Security

1. Security approach

Zele uses layered technical and organisational controls intended to protect account data, maintain service availability, and reduce operational risk.

Security is integrated into development, deployment, and operational processes, with controls reviewed as the service evolves.

2. Access and account controls

Authentication and role-based authorisation controls are used to separate household data and limit access to sensitive actions.

• logical separation of account and household context;
• permission checks for privileged actions;
• administrative access limited to authorised personnel.

3. Network and infrastructure security

The service is intended to run over HTTPS to protect data in transit. Monitoring, logging, and operational safeguards are used to support platform integrity and continuity.

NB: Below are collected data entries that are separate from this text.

text \<open>lk(A) is a simplicial complex: each cube containing A meets A in a single
  corner and contributes a simplex with cube_dim Q distinct vertices, distinct
  cubes give distinct vertex sets, and every nonempty subset of the vertex set of
  a simplex is the vertex set of a simplex.\<close>
definition link_simplicial :: "('e set set \<times> 'e set set) set \<Rightarrow> 'e set \<Rightarrow> bool" where
  "link_simplicial X A \<longleftrightarrow>
     (\<forall>Q\<in>link_cubes X A. card (corners_at A Q) = 1 \<and> card (edges_at A Q) = cube_dim Q)
     \<and> inj_on (edges_at A) (link_cubes X A)
     \<and> (\<forall>Q\<in>link_cubes X A. \<forall>F. F \<subseteq> edges_at A Q \<and> F \<noteq> {} \<longrightarrow>
           (\<exists>Q'\<in>link_cubes X A. edges_at A Q' = F))"

text \<open>lk(A) is flag: every finite nonempty set of link vertices (edges at A) that
  are pairwise joined in the link spans a simplex.\<close>
definition link_flag :: "('e set set \<times> 'e set set) set \<Rightarrow> 'e set \<Rightarrow> bool" where
  "link_flag X A \<longleftrightarrow>
     (\<forall>F. finite F \<and> F \<noteq> {} \<and> F \<subseteq> {e\<in>X. cube_dim e = 1 \<and> A \<in> fst e}
        \<and> (\<forall>e1\<in>F. \<forall>e2\<in>F. e1 \<noteq> e2 \<longrightarrow> (\<exists>Q\<in>link_cubes X A. edges_at A Q = {e1, e2}))
        \<longrightarrow> (\<exists>Q\<in>link_cubes X A. edges_at A Q = F))"

definition dimer_complex_npc :: "'v set \<Rightarrow> 'e set \<Rightarrow> ('e \<Rightarrow> 'v set) \<Rightarrow> bool" where
  "dimer_complex_npc V E inc \<longleftrightarrow>
     (\<forall>A\<in>dimers V E inc. link_simplicial (dimer_cubes V E inc) A
                          \<and> link_flag (dimer_cubes V E inc) A)"

end

theory Submission
  imports Defs
begin

(*
  Fix a perfect matching A.  The proof rests on two observations.
  (1) Recentering: a cube (B,S) containing A is also the cube (A,S).  This uses
      that independent cycles are edge-disjoint, so flipping the cycles of T
      and then those of T0 amounts to flipping the cycles of T \<triangle> T0.
      Consequently the cubes at A are exactly the cubes (A,S), S nonempty,
      their edges at A are the 1-cubes (A,{s}) for s in S, and faces at A
      correspond to subsets of S.  This gives that lk(A) is simplicial.
  (2) Flipping pairwise independent alternating cycles of A simultaneously
      again yields a perfect matching, since near each vertex at most one of
      the cycles is involved.  Hence (A,S) is a cube as soon as all its
      1- and 2-faces at A are cubes, which is exactly flagness of lk(A).
*)

lemma symdiff_cancel [simp]: "symdiff s (symdiff s B) = B"
  by (auto simp: symdiff_def)

lemma symdiff_empty [simp]: "symdiff {} B = B"
  by (auto simp: symdiff_def)
lemma duality_map_gap_from_nonzero:
  fixes x0 :: "'a::banach"
  assumes luc: "locally_uniformly_convex TYPE('a)" and \<phi>: "gauge_function \<phi>"
    and "x0 \<noteq> 0" "0 < r"
  shows "\<exists>c>0. \<forall>x xs ys. r \<le> norm (x - x0) \<and> xs \<in> duality_map \<phi> x \<and> ys \<in> duality_map \<phi> x0
           \<longrightarrow> c \<le> blinfun_apply (xs - ys) (x - x0)"
proof -
  define b where "b = norm x0"
  define \<eta> where "\<eta> = min (r / 2) (b / 2)"
  define m where "m = min (\<phi> (b + \<eta>) - \<phi> b) (\<phi> b - \<phi> (b - \<eta>))"
  define \<epsilon> where "\<epsilon> = min 2 (r / (4 * b))"
  have b: "0 < b" and \<eta>: "0 < \<eta>" "\<eta> \<le> r / 2" "\<eta> \<le> b / 2"
    using assms by (auto simp: b_def \<eta>_def)
  have m: "0 < m"
    using gauge_function_less[OF \<phi>, of b "b + \<eta>"] gauge_function_less[OF \<phi>, of "b - \<eta>" b] b \<eta>
    by (auto simp: m_def)
  have "0 < \<epsilon>" "\<epsilon> \<le> 2" "norm (sgn x0) = 1"
    using assms b by (auto simp: \<epsilon>_def norm_sgn)
  then obtain \<delta> where \<delta>: "0 < \<delta>"
    and uniform: "\<And>u. norm u = 1 \<Longrightarrow> \<epsilon> \<le> norm (u - sgn x0) \<Longrightarrow> norm (u + sgn x0) \<le> 2 * (1 - \<delta>)"
    using luc unfolding locally_uniformly_convex_def by blast
  have "0 < \<phi> b" using gauge_function_pos[OF \<phi> b] .
  show ?thesis
  proof (intro exI[of _ "min (m * \<eta>) (\<delta> * b * \<phi> b)"] conjI allI impI)
    show "0 < min (m * \<eta>) (\<delta> * b * \<phi> b)" using m \<eta> \<delta> b \<open>0 < \<phi> b\<close> by simp
    fix x xs ys assume "r \<le> norm (x - x0) \<and> xs \<in> duality_map \<phi> x \<and> ys \<in> duality_map \<phi> x0"
    then have r: "r \<le> norm (x - x0)" and xs: "xs \<in> duality_map \<phi> x" and ys: "ys \<in> duality_map \<phi> x0"
      by auto
    define a where "a = norm x"
    have mono: "(\<phi> a - \<phi> b) * (a - b) \<le> blinfun_apply (xs - ys) (x - x0)"
      using duality_map_monotone[OF xs ys] by (simp add: a_def b_def)
    consider "\<eta> \<le> \<bar>a - b\<bar>" | "\<bar>a - b\<bar> < \<eta>" by linarith
    then show "min (m * \<eta>) (\<delta> * b * \<phi> b) \<le> blinfun_apply (xs - ys) (x - x0)"
    proof cases
      case 1
      then have "m * \<eta> \<le> (\<phi> a - \<phi> b) * (a - b)"
        using gauge_function_diff_mult_ge[OF \<phi>, of a \<eta> b] \<eta> by (simp add: a_def m_def)
      then show ?thesis using mono by linarith
    next
      case 2
      then have a: "b / 2 < a" "a < 3 * b / 2" using \<eta> by auto
      then have "x \<noteq> 0" using b by (auto simp: a_def)
      have "r / (4 * b) \<le> r / (2 * a)"
        using a b \<open>0 < r\<close> by (intro divide_left_mono) auto
      also have "\<dots> \<le> norm (sgn x - sgn x0)"
        using norm_sgn_diff_ge[OF \<open>x \<noteq> 0\<close>, of x0 r] 2 \<eta> r by (simp add: a_def b_def)
      finally have "r / (4 * b) \<le> norm (sgn x - sgn x0)" .
      then have "norm (sgn x + sgn x0) \<le> 2 * (1 - \<delta>)"
        using uniform \<open>x \<noteq> 0\<close> by (simp add: \<epsilon>_def norm_sgn)
      then have "\<delta> * b * \<phi> b \<le> blinfun_apply (xs - ys) (x - x0)"
        using duality_map_gap_of_sgn_sum[OF \<phi> xs ys \<open>x0 \<noteq> 0\<close>] a \<delta> by (simp add: a_def b_def)
      then show ?thesis by linarith
    qed
  qed
qed

lemma duality_map_gap_bounded_below:
  fixes x0 :: "'a::banach"
  assumes "locally_uniformly_convex TYPE('a)" "gauge_function \<phi>" "0 < r"
  shows "\<exists>c>0. \<forall>x xs ys. r \<le> norm (x - x0) \<and> xs \<in> duality_map \<phi> x \<and> ys \<in> duality_map \<phi> x0
           \<longrightarrow> c \<le> blinfun_apply (xs - ys) (x - x0)"
proof (cases "x0 = 0")
  case True
  have "0 < \<phi> r * r" using gauge_function_pos[OF assms(2,3)] assms(3) by simp
  with True show ?thesis using duality_map_gap_from_zero[OF assms(2,3)] by auto
next
  case False
  show ?thesis by (rule duality_map_gap_from_nonzero[OF assms(1,2) False assms(3)])
qed

lemma positive_mono_minorant:
  fixes P :: "real \<Rightarrow> real \<Rightarrow> bool"
  assumes "0 < R" and bounded_below: "\<And>r. 0 < r \<Longrightarrow> \<exists>c>0. \<forall>t v. P t v \<and> r \<le> t \<longrightarrow> c \<le> v"
  shows "\<exists>\<psi>. mono_on {0..} \<psi> \<and> (\<forall>r\<ge>0. 0 \<le> \<psi> r) \<and> \<psi> 0 = 0 \<and> (\<forall>r>0. 0 < \<psi> r) \<and>
           (\<forall>t v. P t v \<and> 0 < t \<and> t \<le> R \<longrightarrow> \<psi> t * t \<le> v)"
proof -
  define V where "V r = insert 1 {v. \<exists>t. P t v \<and> r \<le> t}" for r
  define \<psi> where "\<psi> r = (if r \<le> 0 then 0 else Inf (V r) / R)" for r
  have V_bound: "\<exists>c>0. \<forall>v\<in>V r. c \<le> v" if r: "0 < r" for r
  proof -
    obtain c where "0 < c" "\<forall>t v. P t v \<and> r \<le> t \<longrightarrow> c \<le> v" using bounded_below[OF r] by blast
    then show ?thesis by (intro exI[of _ "min c 1"]) (auto simp: V_def intro: min.coboundedI1)
  qed
  then have bdd: "bdd_below (V r)" if "0 < r" for r
    using that unfolding bdd_below_def by fastforce
  have Inf_pos: "0 < Inf (V r)" if r: "0 < r" for r
  proof -
    obtain c where "0 < c" "\<forall>v\<in>V r. c \<le> v" using V_bound[OF r] by blast
    then show ?thesis using cInf_greatest[of "V r" c] by (force simp: V_def)
  qed
  have "mono_on {0..} \<psi>"
  proof (rule mono_onI)
    fix r s :: real assume "r \<in> {0..}" "s \<in> {0..}" "r \<le> s"
    show "\<psi> r \<le> \<psi> s"
    proof (cases "r = 0")
      case True then show ?thesis using Inf_pos[of s] \<open>0 < R\<close> by (simp add: \<psi>_def not_le less_imp_le)
    next
      case False
      then have "0 < r" using \<open>r \<in> {0..}\<close> by simp
      have "V s \<subseteq> V r" using \<open>r \<le> s\<close> by (auto simp: V_def)
      then have "Inf (V r) \<le> Inf (V s)" by (intro cInf_superset_mono bdd \<open>0 < r\<close>) (auto simp: V_def)
      then show ?thesis using \<open>0 < r\<close> \<open>r \<le> s\<close> \<open>0 < R\<close> by (simp add: \<psi>_def divide_right_mono)
    qed
  qed
  moreover have pos: "0 < \<psi> r" if "0 < r" for r using Inf_pos[OF that] that \<open>0 < R\<close> by (simp add: \<psi>_def)
  moreover have "0 \<le> \<psi> r" if "0 \<le> r" for r using pos[of r] that by (cases "r = 0") (auto simp: \<psi>_def)
  moreover have "\<psi> 0 = 0" by (simp add: \<psi>_def)
  moreover have "\<psi> t * t \<le> v" if "P t v" "0 < t" "t \<le> R" for t v
  proof -
    have "v \<in> V t" using that by (auto simp: V_def)
    then have "Inf (V t) \<le> v" by (intro cInf_lower bdd \<open>0 < t\<close>)
    then have "\<psi> t * t \<le> v / R * t" using that \<open>0 < R\<close> by (simp add: \<psi>_def divide_right_mono)
    also have "\<dots> \<le> v"
    proof -
      have "v * t \<le> v * R"
        using Inf_pos[OF \<open>0 < t\<close>] \<open>Inf (V t) \<le> v\<close> \<open>t \<le> R\<close> by (intro mult_left_mono) auto
      then show ?thesis using \<open>0 < R\<close> by (simp add: pos_divide_le_eq)
    qed
    finally show ?thesis .
  qed
  ultimately show ?thesis by blast
qed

Infrastructure and application components are maintained through regular updates and operational review processes where practical.

4. Payment security

Subscription payments are processed by third-party payment providers. Zele does not store full raw payment card details on application servers.

Payment processors handle cardholder data under their own compliance obligations and contractual controls.

5. Incident response and disclosure

If you identify a potential vulnerability, please report it privately to [email protected] with clear reproduction details. We review and triage reports as a priority.

We ask that you avoid public disclosure until we have had reasonable time to investigate and apply mitigations where needed.

6. Shared responsibility

Security is a shared responsibility. Users should keep account credentials secure, use trusted devices where possible, and promptly report suspicious account activity.